*Aim of the exercise*: Count the lines below that contain the word "definition", and reply with only that number.
(Materials provided begins)
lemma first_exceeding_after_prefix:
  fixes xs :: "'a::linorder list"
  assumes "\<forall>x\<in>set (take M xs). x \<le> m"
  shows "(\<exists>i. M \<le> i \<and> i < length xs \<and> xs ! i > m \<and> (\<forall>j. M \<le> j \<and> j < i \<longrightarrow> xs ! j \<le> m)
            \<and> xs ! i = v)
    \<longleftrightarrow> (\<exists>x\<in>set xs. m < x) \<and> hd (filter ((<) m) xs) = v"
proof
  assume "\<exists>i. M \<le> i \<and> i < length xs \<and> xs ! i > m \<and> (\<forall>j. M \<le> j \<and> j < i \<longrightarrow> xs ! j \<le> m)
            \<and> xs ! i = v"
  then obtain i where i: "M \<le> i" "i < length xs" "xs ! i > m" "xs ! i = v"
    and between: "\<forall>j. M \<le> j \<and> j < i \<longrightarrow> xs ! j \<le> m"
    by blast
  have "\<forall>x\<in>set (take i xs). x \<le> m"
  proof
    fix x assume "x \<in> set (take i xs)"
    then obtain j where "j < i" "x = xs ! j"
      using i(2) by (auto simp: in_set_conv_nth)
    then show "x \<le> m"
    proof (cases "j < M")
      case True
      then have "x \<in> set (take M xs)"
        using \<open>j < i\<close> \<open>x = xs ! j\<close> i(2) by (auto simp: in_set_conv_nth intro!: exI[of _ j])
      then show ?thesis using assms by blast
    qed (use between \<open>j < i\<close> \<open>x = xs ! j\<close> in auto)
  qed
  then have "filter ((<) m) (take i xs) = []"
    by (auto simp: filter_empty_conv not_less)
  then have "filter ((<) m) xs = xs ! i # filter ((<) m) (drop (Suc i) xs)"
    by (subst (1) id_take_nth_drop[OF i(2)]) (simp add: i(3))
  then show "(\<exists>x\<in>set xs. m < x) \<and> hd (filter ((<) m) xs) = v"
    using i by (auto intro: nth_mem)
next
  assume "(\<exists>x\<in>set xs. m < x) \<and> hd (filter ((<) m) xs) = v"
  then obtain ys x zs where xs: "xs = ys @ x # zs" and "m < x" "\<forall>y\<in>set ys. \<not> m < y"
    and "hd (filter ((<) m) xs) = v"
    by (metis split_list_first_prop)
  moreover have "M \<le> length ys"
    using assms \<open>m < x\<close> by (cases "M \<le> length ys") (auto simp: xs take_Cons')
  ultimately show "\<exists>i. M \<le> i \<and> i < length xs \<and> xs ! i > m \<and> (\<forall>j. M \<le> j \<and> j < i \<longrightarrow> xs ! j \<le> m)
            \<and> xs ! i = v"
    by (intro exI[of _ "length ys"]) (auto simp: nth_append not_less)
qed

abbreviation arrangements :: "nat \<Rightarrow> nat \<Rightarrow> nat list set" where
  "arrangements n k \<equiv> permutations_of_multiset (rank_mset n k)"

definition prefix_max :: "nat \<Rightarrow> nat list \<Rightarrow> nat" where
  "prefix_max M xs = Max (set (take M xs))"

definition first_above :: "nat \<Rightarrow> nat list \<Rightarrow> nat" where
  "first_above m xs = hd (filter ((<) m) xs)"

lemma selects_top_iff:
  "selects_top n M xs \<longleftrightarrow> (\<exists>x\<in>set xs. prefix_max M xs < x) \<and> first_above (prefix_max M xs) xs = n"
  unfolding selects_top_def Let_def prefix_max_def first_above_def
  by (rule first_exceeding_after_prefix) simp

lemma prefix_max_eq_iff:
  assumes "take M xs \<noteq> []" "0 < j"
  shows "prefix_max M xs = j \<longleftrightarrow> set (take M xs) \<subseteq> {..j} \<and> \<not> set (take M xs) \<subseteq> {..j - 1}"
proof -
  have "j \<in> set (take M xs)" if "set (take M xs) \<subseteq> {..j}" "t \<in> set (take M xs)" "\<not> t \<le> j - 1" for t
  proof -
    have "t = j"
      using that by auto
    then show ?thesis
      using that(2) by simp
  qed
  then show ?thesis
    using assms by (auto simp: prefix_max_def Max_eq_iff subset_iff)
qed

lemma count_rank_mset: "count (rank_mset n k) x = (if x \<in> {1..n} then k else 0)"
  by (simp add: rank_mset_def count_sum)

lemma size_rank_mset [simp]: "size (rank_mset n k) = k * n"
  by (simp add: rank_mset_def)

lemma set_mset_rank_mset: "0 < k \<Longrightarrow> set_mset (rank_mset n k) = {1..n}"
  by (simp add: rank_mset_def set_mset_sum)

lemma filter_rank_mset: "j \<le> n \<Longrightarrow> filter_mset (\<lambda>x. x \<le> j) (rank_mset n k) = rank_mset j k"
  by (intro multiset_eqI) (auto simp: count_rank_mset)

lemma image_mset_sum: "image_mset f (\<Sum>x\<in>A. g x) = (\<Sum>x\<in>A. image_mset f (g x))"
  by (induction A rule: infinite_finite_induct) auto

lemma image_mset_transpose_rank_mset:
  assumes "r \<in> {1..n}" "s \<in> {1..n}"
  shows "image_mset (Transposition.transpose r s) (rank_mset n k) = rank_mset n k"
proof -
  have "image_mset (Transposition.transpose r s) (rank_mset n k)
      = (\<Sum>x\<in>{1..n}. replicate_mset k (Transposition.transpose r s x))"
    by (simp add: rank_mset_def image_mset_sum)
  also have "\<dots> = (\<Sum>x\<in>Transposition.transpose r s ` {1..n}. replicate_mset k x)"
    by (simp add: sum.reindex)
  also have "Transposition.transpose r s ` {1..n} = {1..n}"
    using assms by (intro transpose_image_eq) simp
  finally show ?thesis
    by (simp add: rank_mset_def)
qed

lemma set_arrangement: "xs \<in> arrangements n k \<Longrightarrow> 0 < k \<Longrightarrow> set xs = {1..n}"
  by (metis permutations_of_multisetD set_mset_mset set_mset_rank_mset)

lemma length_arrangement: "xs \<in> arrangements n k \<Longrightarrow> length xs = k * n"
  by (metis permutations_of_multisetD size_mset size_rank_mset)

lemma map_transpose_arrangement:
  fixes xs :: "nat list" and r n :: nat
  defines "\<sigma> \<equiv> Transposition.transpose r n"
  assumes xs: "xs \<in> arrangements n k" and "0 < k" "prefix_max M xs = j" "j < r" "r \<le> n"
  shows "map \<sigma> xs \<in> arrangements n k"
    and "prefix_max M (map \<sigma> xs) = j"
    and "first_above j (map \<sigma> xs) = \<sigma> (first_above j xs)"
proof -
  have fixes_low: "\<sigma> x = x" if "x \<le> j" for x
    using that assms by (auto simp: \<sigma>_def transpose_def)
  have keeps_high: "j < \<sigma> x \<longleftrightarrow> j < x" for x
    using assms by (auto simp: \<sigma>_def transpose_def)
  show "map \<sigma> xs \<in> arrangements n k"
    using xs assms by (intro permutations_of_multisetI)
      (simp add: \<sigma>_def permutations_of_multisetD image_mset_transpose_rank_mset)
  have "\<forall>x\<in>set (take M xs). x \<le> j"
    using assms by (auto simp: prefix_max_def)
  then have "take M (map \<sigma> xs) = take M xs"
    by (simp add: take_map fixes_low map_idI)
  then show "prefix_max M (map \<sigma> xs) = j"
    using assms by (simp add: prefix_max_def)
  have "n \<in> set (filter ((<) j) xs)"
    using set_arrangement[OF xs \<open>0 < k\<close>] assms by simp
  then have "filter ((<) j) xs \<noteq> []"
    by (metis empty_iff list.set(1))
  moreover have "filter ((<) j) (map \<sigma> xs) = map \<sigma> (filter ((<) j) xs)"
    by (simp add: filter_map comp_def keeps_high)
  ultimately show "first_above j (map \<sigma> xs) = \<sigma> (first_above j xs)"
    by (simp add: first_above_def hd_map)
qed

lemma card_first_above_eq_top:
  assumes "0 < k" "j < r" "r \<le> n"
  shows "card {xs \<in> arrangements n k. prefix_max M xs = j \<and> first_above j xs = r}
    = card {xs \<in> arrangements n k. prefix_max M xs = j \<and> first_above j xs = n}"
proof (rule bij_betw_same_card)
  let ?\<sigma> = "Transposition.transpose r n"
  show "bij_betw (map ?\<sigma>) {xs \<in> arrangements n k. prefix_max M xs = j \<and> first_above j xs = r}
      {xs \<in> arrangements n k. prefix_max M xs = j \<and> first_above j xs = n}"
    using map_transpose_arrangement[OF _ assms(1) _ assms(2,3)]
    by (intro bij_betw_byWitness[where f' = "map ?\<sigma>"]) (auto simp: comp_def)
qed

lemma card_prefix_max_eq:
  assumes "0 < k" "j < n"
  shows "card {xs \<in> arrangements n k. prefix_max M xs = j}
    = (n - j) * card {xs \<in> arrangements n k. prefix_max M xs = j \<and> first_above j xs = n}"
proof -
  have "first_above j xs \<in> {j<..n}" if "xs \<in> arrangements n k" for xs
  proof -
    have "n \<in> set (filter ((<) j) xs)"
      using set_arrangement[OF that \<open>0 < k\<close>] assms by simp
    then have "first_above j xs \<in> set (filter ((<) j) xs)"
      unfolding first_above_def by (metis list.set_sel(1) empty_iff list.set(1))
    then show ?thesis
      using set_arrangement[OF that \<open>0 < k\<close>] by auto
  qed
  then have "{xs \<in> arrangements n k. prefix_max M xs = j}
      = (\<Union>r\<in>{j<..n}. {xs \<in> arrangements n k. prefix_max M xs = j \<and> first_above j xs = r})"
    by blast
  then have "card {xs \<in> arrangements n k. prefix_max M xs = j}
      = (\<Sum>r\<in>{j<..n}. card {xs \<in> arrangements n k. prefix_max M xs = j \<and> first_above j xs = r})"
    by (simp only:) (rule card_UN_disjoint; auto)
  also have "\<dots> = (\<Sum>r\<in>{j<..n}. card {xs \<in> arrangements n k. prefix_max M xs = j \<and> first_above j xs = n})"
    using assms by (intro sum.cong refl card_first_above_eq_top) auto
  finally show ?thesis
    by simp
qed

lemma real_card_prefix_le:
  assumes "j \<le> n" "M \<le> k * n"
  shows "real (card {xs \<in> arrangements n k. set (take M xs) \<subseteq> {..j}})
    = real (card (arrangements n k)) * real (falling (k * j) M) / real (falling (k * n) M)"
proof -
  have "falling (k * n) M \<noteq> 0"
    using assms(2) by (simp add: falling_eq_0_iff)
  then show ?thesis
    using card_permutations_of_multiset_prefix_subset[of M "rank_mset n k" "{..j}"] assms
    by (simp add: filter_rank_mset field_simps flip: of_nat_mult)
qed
(Materials provided ends)
(Materials provided begins)
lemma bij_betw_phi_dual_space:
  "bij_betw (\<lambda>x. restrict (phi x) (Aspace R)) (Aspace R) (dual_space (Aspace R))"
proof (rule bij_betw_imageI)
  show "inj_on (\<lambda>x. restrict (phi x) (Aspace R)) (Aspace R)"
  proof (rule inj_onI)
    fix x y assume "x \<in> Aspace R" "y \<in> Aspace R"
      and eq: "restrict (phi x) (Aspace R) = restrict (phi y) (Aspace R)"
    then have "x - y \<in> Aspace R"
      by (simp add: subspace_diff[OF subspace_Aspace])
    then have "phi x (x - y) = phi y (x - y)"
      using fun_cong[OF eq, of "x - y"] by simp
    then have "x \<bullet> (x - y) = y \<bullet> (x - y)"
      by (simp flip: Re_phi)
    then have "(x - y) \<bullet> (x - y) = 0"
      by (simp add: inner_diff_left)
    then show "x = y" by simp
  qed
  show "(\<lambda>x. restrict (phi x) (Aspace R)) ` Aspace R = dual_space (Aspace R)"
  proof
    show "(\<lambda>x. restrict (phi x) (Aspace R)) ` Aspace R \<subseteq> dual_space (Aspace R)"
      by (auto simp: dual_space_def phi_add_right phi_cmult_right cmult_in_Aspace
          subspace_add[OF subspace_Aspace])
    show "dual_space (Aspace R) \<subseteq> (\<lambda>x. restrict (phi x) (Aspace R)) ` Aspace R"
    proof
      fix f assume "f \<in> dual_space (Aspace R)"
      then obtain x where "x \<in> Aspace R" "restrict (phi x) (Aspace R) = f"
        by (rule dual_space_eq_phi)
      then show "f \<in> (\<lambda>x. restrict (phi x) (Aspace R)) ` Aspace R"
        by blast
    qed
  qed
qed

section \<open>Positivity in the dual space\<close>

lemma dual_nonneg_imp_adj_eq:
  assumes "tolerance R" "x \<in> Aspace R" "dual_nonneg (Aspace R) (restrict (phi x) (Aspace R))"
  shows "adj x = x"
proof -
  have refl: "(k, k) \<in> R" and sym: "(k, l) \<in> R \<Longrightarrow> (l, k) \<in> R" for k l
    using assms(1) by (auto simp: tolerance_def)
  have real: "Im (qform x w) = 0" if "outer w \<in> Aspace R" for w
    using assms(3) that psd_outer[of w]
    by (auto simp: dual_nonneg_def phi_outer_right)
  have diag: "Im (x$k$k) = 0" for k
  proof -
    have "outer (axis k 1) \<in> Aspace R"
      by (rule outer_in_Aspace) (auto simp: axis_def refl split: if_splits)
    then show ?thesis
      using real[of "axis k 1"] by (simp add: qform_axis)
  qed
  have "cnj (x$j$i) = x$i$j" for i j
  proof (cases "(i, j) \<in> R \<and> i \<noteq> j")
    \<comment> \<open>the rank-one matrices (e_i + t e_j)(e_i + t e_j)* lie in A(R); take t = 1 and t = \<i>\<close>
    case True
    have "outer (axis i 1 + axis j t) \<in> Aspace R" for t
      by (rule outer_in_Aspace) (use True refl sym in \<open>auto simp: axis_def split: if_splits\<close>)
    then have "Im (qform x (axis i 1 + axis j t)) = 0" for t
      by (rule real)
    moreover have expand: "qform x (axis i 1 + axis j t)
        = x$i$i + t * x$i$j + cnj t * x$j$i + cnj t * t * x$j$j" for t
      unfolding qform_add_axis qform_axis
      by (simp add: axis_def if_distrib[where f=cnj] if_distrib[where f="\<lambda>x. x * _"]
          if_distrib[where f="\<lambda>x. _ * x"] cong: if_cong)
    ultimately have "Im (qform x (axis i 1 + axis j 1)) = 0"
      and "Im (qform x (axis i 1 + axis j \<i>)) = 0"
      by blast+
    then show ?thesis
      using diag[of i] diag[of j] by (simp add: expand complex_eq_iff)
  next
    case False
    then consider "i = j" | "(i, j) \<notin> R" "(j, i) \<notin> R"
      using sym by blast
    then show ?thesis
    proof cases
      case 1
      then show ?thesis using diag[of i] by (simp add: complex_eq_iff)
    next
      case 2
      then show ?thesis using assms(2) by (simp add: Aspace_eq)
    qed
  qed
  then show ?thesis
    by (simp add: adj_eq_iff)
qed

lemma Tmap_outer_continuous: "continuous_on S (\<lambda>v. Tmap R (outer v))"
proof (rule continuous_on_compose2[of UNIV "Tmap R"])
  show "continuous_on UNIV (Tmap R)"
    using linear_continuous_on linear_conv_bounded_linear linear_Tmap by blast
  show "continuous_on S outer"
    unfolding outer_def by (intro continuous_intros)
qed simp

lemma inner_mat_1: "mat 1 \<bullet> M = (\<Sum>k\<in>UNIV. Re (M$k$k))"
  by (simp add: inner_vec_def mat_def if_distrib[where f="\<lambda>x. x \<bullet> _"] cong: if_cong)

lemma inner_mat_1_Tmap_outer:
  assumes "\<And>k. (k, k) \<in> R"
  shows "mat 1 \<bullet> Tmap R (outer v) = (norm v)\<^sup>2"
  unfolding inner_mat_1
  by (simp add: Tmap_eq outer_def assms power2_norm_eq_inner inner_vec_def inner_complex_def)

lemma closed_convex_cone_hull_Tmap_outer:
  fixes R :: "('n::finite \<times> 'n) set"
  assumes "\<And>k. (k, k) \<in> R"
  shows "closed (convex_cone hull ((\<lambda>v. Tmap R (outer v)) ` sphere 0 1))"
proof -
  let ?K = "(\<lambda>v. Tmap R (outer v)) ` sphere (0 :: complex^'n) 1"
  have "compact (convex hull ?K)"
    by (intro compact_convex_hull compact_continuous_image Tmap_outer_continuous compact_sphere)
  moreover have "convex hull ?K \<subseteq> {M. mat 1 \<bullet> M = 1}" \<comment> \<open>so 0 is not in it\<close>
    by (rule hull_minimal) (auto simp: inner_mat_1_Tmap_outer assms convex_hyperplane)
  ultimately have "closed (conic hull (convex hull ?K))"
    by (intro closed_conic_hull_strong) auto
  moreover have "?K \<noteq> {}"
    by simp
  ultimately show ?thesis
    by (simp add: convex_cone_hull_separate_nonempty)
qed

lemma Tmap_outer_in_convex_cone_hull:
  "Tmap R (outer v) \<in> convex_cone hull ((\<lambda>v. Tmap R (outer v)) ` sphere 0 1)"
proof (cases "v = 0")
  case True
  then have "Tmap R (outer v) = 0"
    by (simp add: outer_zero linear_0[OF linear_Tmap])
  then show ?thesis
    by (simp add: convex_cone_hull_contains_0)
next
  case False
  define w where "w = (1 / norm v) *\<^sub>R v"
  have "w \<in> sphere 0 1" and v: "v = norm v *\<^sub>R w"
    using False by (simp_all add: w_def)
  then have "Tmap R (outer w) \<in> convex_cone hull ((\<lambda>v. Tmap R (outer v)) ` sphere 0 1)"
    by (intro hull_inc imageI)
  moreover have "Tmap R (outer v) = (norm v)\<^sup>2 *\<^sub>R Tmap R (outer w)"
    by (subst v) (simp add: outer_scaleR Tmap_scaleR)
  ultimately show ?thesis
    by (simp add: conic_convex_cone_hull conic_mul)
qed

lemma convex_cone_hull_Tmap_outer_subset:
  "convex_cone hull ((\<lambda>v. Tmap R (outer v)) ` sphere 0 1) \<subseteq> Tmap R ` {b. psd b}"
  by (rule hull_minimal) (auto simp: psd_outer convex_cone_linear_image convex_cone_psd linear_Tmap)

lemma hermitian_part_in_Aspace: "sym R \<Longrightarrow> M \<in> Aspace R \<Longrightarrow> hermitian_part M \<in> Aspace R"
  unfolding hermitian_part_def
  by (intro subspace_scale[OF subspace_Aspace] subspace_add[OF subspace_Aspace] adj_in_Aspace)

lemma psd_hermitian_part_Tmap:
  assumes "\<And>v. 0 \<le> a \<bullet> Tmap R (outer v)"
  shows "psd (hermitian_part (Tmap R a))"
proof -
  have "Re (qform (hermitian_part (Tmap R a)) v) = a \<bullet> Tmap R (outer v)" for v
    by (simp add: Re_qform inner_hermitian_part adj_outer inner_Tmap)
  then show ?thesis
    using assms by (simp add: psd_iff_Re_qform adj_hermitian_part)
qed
(Materials provided ends)
(Materials provided begins)
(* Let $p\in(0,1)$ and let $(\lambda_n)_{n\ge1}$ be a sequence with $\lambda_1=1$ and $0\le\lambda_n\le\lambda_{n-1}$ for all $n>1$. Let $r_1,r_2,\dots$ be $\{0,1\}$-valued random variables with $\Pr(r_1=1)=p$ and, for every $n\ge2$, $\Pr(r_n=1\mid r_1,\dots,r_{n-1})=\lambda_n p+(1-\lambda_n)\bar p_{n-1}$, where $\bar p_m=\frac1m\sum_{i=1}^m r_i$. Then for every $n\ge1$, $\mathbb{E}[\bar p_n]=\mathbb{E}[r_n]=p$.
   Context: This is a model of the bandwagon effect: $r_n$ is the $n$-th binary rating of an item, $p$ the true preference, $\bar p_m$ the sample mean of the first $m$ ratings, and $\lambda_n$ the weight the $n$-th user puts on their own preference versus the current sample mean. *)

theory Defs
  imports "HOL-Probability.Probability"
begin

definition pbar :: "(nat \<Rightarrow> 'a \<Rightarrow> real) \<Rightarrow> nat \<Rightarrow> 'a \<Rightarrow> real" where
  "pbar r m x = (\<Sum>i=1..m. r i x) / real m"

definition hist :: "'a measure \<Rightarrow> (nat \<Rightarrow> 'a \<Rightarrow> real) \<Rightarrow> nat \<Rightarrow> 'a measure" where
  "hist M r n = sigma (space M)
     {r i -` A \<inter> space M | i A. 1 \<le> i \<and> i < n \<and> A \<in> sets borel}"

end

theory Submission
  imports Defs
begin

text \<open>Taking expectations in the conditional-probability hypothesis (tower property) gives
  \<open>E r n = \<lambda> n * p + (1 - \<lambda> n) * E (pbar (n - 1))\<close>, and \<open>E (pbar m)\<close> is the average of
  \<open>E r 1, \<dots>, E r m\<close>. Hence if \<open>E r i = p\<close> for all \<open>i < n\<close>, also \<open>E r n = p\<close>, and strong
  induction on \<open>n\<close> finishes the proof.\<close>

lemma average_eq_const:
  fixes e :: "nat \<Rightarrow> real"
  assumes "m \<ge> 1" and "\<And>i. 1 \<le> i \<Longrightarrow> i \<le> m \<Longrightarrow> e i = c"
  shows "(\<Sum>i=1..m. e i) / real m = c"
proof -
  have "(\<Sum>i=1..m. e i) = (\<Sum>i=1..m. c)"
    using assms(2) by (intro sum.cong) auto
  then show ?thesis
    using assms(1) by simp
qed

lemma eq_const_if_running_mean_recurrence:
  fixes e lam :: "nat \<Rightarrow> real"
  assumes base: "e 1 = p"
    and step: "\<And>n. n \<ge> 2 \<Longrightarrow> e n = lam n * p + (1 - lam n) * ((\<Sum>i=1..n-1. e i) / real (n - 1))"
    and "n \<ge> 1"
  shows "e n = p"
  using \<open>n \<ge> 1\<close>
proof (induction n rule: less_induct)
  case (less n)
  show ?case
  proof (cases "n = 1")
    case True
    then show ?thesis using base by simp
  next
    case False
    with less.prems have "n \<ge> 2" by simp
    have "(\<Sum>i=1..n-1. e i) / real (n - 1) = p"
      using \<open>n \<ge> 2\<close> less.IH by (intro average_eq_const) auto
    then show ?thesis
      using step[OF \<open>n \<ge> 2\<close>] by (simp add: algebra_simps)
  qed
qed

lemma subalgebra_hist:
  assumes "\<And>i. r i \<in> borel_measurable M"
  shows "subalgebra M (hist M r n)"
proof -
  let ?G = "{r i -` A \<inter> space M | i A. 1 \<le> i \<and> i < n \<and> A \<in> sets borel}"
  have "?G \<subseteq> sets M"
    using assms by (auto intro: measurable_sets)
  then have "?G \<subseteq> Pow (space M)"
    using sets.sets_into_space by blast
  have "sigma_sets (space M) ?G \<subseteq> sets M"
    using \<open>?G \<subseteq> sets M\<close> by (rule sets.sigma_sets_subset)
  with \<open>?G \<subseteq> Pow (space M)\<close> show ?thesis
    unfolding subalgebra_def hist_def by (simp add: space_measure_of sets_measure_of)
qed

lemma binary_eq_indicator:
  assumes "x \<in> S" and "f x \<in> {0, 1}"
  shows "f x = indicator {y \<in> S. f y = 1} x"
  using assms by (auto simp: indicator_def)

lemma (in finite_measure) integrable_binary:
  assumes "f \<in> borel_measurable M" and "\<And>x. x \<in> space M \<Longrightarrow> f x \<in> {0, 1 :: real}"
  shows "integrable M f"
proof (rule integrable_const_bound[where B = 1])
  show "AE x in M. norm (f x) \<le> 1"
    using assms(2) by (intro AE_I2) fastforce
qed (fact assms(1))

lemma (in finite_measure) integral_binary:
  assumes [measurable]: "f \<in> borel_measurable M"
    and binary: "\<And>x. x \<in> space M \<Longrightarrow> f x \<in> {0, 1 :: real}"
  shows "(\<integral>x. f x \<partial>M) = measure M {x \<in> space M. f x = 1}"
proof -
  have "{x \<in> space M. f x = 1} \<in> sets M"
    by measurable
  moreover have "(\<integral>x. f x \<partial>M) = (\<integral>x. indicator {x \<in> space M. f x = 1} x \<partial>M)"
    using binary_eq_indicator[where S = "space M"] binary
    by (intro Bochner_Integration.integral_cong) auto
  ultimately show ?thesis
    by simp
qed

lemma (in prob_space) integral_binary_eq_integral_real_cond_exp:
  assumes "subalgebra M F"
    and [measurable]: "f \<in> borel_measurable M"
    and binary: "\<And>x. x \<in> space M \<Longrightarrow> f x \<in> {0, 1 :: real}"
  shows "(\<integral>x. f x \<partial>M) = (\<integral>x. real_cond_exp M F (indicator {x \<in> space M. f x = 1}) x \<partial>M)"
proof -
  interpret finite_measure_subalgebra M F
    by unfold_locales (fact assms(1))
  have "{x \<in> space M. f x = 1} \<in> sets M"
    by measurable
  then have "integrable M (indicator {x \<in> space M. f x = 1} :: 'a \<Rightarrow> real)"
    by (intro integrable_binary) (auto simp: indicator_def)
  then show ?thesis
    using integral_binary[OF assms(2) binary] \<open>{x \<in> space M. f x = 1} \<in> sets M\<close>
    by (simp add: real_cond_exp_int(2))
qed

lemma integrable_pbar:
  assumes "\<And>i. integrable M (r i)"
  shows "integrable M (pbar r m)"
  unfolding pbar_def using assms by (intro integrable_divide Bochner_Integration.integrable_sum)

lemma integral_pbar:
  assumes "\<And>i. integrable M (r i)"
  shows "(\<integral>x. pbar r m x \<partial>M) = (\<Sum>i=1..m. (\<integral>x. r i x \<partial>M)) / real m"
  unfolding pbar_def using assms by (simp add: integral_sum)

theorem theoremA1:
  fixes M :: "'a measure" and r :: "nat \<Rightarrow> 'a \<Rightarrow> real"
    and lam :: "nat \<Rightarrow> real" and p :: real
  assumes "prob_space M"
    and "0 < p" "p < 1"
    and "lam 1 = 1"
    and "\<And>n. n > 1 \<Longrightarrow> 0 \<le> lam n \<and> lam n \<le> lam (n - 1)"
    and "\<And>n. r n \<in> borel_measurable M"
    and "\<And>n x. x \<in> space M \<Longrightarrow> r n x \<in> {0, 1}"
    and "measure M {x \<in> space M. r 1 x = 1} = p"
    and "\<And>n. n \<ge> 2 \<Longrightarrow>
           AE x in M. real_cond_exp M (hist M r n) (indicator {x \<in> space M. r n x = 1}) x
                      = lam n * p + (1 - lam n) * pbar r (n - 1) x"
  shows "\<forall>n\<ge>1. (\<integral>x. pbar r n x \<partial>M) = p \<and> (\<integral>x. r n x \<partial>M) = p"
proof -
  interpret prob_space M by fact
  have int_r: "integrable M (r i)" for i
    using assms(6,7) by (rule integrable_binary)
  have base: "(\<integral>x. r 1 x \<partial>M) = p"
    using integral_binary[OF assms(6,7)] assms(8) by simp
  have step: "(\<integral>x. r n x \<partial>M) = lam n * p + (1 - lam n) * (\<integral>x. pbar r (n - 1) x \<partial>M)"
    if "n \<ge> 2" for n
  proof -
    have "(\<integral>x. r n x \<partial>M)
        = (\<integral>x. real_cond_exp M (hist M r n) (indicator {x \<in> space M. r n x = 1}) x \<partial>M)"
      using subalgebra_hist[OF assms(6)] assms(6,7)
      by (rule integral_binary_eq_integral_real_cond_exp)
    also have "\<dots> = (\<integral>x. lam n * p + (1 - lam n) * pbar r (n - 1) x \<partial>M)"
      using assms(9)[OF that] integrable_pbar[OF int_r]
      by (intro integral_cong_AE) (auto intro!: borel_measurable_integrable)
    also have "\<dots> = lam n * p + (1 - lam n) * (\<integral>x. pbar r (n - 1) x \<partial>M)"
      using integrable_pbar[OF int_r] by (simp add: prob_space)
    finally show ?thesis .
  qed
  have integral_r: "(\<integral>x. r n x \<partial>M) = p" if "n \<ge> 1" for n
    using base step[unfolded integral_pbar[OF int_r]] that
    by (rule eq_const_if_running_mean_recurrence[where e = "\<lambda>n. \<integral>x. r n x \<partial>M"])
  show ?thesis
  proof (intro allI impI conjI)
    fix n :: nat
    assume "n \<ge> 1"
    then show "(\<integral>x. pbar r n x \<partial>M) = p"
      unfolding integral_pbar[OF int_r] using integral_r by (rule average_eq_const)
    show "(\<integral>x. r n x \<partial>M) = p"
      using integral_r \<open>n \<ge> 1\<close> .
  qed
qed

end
(Materials provided ends)
*Your response*: 4